→ DIRECTIONS FOR THIS TASK
Counting only lines below that hold "else", give the total alone.

DATA FOR THE TASK section start

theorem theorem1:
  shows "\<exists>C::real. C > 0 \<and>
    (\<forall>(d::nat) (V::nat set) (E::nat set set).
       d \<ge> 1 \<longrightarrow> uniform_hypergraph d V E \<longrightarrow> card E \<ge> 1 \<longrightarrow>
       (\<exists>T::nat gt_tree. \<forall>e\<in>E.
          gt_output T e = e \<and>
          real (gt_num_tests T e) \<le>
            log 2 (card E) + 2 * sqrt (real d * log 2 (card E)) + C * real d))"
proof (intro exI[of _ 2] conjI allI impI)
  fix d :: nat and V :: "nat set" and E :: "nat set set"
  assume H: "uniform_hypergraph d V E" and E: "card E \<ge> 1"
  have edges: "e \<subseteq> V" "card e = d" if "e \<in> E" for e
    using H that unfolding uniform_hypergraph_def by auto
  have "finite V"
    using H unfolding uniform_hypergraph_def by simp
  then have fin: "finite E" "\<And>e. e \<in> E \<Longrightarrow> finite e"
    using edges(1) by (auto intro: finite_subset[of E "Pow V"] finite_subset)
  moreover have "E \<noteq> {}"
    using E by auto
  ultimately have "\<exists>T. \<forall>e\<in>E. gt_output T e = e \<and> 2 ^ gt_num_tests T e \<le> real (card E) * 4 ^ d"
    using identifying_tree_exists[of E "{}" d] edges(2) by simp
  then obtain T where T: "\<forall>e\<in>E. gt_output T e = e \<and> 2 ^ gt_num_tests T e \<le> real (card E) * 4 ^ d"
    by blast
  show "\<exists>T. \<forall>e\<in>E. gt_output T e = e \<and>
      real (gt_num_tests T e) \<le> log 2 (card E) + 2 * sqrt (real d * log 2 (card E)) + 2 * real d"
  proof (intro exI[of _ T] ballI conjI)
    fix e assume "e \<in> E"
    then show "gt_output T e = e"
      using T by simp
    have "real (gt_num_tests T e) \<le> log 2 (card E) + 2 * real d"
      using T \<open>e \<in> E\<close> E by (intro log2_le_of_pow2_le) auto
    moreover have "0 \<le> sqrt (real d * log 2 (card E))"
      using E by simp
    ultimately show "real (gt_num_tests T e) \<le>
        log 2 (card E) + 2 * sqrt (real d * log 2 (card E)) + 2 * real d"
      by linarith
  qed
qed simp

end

DATA FOR THE TASK section end
DATA FOR THE TASK section start

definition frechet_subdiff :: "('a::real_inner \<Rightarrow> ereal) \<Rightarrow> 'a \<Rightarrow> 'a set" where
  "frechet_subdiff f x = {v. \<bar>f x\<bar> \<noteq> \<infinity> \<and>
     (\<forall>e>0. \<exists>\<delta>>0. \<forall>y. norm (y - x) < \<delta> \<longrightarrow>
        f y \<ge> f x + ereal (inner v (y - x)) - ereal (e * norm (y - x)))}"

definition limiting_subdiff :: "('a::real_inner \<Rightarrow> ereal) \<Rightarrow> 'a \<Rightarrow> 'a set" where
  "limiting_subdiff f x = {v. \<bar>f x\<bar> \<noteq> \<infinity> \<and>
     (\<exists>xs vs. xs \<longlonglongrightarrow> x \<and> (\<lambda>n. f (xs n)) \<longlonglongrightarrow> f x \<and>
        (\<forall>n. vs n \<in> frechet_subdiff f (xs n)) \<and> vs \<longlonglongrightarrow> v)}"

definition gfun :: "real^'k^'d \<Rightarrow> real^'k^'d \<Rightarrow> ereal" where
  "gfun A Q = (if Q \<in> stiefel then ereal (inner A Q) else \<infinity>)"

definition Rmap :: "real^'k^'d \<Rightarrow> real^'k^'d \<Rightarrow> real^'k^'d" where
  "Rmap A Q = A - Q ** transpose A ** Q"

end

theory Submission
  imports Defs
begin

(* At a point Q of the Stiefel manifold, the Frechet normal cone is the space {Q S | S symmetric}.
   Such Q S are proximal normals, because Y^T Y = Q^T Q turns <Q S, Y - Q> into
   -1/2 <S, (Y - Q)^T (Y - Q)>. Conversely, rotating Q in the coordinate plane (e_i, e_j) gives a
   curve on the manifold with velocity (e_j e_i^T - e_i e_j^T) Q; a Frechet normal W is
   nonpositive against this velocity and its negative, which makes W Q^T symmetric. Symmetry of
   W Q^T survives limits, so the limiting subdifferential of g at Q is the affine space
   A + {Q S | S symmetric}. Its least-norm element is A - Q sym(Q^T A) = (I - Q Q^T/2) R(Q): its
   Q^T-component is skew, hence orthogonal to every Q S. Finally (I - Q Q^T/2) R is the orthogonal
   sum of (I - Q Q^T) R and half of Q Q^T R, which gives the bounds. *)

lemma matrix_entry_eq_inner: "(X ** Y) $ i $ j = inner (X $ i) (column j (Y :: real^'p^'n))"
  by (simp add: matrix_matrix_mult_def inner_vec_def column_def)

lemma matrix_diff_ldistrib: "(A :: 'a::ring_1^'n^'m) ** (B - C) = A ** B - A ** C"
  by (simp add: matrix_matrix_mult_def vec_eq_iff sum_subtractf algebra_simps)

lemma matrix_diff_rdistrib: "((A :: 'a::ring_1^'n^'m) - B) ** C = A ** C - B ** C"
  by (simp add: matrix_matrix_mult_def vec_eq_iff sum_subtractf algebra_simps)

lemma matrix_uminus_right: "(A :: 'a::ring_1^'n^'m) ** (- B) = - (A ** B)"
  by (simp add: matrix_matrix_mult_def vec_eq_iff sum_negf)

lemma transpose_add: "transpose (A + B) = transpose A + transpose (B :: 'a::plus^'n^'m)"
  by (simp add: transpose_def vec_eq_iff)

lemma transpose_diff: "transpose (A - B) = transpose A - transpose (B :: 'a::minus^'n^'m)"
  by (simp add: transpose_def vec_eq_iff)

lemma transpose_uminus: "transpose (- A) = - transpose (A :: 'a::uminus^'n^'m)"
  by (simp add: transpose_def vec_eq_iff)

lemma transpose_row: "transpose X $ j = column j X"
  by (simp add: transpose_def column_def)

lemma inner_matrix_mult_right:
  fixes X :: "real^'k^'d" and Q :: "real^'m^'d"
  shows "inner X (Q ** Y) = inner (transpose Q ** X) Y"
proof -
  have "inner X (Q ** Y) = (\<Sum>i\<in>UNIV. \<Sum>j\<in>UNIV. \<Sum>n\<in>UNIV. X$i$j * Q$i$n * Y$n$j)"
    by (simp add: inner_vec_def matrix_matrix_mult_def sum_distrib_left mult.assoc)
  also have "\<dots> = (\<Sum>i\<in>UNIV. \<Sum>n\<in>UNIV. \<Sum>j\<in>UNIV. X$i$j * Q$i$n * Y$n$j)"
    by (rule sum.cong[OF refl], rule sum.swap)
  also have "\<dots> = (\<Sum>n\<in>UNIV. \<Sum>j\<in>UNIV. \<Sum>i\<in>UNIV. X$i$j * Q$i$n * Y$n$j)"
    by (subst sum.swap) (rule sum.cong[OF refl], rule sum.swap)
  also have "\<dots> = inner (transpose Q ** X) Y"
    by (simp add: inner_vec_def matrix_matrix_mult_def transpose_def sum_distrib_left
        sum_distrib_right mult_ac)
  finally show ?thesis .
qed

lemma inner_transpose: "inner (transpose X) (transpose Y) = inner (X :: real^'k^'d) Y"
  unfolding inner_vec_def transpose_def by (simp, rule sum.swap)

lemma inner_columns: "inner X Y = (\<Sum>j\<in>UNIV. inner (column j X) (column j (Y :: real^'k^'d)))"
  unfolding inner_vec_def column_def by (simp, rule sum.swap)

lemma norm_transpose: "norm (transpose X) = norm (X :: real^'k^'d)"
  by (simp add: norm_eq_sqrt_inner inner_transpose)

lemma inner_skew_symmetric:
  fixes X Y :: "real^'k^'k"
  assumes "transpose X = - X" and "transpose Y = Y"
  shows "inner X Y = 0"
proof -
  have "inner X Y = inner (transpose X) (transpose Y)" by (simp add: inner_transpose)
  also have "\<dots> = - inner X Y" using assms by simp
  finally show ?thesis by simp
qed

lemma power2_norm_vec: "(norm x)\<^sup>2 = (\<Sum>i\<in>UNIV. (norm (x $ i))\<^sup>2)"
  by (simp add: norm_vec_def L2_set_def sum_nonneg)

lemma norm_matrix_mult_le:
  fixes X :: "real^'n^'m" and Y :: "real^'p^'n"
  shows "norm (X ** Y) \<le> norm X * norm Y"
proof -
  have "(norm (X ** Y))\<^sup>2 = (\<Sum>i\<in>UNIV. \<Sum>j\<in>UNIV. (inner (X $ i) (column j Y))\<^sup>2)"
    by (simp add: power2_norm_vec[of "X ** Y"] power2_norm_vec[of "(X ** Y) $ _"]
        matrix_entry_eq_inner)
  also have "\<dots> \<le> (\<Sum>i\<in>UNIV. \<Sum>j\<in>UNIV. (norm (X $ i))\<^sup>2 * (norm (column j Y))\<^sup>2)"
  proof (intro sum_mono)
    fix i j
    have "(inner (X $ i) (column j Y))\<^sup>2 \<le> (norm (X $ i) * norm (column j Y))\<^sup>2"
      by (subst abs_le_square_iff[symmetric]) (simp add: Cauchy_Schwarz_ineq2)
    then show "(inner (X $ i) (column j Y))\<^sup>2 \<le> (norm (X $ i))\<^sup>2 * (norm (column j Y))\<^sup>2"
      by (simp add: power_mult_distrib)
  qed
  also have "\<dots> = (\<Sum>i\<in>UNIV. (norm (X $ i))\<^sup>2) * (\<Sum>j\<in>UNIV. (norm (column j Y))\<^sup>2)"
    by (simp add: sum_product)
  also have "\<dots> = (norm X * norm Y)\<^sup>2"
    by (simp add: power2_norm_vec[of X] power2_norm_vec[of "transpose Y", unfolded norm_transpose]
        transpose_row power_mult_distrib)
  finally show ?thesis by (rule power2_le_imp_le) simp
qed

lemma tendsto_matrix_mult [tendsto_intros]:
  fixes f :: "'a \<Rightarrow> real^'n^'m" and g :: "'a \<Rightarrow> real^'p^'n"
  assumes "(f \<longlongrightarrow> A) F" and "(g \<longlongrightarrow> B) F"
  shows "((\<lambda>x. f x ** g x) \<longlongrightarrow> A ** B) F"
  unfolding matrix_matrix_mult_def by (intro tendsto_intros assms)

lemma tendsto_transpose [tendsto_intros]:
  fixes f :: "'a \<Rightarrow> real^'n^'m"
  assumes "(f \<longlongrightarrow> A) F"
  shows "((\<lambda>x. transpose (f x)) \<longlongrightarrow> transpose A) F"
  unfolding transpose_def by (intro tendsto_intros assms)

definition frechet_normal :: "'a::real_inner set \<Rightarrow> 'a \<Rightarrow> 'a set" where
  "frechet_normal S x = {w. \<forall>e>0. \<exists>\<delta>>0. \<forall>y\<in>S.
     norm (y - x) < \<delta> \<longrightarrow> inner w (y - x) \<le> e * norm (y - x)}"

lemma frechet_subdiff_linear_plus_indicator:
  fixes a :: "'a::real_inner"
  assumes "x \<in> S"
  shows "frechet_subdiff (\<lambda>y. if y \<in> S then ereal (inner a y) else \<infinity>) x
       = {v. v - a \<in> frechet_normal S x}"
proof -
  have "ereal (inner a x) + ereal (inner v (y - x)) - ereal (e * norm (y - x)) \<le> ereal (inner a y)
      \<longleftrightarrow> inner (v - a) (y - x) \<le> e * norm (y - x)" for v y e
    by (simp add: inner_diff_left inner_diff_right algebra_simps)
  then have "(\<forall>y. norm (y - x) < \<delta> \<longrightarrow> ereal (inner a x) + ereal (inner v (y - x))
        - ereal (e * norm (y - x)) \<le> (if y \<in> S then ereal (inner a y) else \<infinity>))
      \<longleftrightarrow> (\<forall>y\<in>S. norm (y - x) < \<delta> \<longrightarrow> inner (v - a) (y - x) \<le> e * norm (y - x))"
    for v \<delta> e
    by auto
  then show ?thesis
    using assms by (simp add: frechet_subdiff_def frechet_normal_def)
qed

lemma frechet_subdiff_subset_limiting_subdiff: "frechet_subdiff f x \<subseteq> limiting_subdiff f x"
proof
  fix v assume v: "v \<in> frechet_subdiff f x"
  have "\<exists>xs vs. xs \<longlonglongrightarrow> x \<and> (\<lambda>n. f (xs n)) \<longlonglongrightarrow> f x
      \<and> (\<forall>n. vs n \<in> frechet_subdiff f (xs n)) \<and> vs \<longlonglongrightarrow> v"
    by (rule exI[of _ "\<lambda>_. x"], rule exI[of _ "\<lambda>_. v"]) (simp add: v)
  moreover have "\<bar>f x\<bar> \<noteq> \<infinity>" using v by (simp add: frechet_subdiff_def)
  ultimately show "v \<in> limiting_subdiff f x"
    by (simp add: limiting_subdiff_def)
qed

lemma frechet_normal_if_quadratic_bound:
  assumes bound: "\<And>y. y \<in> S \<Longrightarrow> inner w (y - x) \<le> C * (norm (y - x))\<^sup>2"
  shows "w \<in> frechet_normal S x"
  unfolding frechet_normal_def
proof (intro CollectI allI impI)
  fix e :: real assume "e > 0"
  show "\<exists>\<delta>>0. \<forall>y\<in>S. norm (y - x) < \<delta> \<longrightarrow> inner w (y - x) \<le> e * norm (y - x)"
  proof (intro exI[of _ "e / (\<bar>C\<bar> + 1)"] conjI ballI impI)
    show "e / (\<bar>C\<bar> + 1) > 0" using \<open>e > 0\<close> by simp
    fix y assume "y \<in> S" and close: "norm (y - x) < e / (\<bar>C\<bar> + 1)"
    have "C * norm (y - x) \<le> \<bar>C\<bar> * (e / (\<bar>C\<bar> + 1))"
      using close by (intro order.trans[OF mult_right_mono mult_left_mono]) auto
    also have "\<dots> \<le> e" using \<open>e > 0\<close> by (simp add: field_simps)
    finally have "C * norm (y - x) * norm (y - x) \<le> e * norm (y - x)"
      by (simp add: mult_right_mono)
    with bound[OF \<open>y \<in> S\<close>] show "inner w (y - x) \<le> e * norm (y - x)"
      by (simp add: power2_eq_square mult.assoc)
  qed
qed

DATA FOR THE TASK section end

→ YOUR SOLUTION
3